The differences among them can be due to a variety of reasons, but the main reason is that these phonological descriptions represent different doculects (i.e., different instances of linguistic behavior at different places, times, or with different speakers). This should probably not surprise most linguists, since it has long been known that phoneme analysis is a non-deterministic process (Chao, 1934; Hockett, 1963). See Moran (2012, ch. 2.3.3) for a general discussion, and Hyman (2008, p. 99) for a detailed discussion of Kabardian in particular.

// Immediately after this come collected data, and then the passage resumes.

(* Let $n\in\mathbb{N}$, $\omega=\omega_n=\frac{n^2}{4}$, and $c>0$ such that $\frac{n^2+c^2}{2c}\notin\mathbb{Z}'$, where $\mathbb{Z}'$ is the set of even integers if $n$ is even and of odd integers if $n$ is odd. Consider the linear system of uncoupled ODEs $$\psi_m''(y)+i(m-c)\psi_m'(y)+\left(\omega-\frac{m^2}{4}\right)\psi_m(y)=0,\qquad m\in\mathbb{Z}',$$ whose solutions are spanned by $\psi_{m'}(y)=e^{\kappa y}\delta_{m,m'}$, where $\kappa$ is a root of $\kappa^2+i(m-c)\kappa+\omega-\frac{m^2}{4}=0$, i.e. $$\kappa=\kappa_m^{\pm}=\frac{i(c-m)\pm\sqrt{2cm-n^2-c^2}}{2},\qquad m\in\mathbb{Z}'.$$ Let $m_0$ be the largest element of $\mathbb{Z}'$ not exceeding $\frac{n^2+c^2}{2c}$, and let $E_m^{\pm}$ denote the eigenspace associated with the $m$-th Fourier component corresponding to the root $\kappa_m^{\pm}$. Then: (i) the phase space of this linear system decomposes into the direct sum $E^s\oplus E^u\oplus E^{c^+}\oplus E^{c^-}$, where $E^s=\oplus_{m>m_0}E_m^+$, $E^u=\oplus_{m>m_0}E_m^-$, $E^{c^+}=\oplus_{m\le m_0}E_m^+$, $E^{c^-}=\oplus_{m\le m_0}E_m^-$ (with $m\in\mathbb{Z}'$); (ii) considering all roots $\kappa_m^\pm$, $m\in\mathbb{Z}'$, together, the zero root $\kappa=0$ is semi-simple of multiplicity two, the purely imaginary roots $\kappa\in i\mathbb{R}$ are semi-simple of multiplicity at most three, and all other roots $\kappa\in\mathbb{C}$ are simple.
   Context: This linear system is the linearization at zero, with $\epsilon=0$, of the Fourier-mode system obtained from traveling solutions $\psi(x,y)=\sqrt{\epsilon}\sum_{m\in\mathbb{Z}'}\psi_m(y)e^{imx/2}$, $y=x-ct$, of a Gross--Pitaevskii equation. *)

theory Defs
  imports "HOL-Analysis.Analysis"
begin

definition Zp :: "nat \<Rightarrow> int set" where
  "Zp n = {m. even m = even n}"

definition omega :: "nat \<Rightarrow> real" where
  "omega n = (real n)^2 / 4"

definition m0 :: "nat \<Rightarrow> real \<Rightarrow> int" where
  "m0 n c = (GREATEST m. m \<in> Zp n \<and> real_of_int m \<le> ((real n)^2 + c^2) / (2*c))"

definition kappa :: "nat \<Rightarrow> real \<Rightarrow> int \<Rightarrow> bool \<Rightarrow> complex" where
  "kappa n c m s = (\<i> * complex_of_real (c - real_of_int m)
      + (if s then 1 else -1) * csqrt (complex_of_real (2*c*real_of_int m - (real n)^2 - c^2))) / 2"

text \<open>First-order form of the m-th ODE: (psi, psi') \<mapsto> (psi', psi'').\<close>
definition Amul :: "nat \<Rightarrow> real \<Rightarrow> int \<Rightarrow> complex \<times> complex \<Rightarrow> complex \<times> complex" where
  "Amul n c m w = (snd w,
      complex_of_real ((real_of_int m)^2 / 4 - omega n) * fst w
      - \<i> * complex_of_real (real_of_int m - c) * snd w)"

definition cscale :: "complex \<Rightarrow> complex \<times> complex \<Rightarrow> complex \<times> complex" where
  "cscale k w = (k * fst w, k * snd w)"

text \<open>Phase space: finitely supported families of (psi_m, psi_m') indexed by Z'.\<close>
definition phase :: "nat \<Rightarrow> (int \<Rightarrow> complex \<times> complex) set" where
  "phase n = {v. finite {m. v m \<noteq> 0} \<and> (\<forall>m. m \<notin> Zp n \<longrightarrow> v m = 0)}"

In light of the above discussion, it should come as no surprise that PHOIBLE can contain multiple inventories for “the same” languoid, depending on what kind of languoid you’re interested in. All it takes is the existence of two or more descriptive documents associated with the same group of speakers, where “group of speakers” is ultimately determined by your desired level of granularity. To give a concrete example, one researcher may be interested in comparing lects at the “language” level, and so might wish to treat all inventories of “English” as duplicates for the purposes of her analysis (regardless of any differences in regional dialect or sociolect represented in the original doculects and encoded in the phonological inventory). That researcher might filter or sample PHOIBLE’s inventories to include only one inventory for each isocode (how she chooses to implement that filter is a separate question; see “How can I filter or sample inventories?” for examples). Other researchers may not care about “duplicates” in that sense, and may choose to include all inventories in their analysis (or, they may filter the dataset to include only inventories with a particular feature of interest such as breathy-voiced vowels).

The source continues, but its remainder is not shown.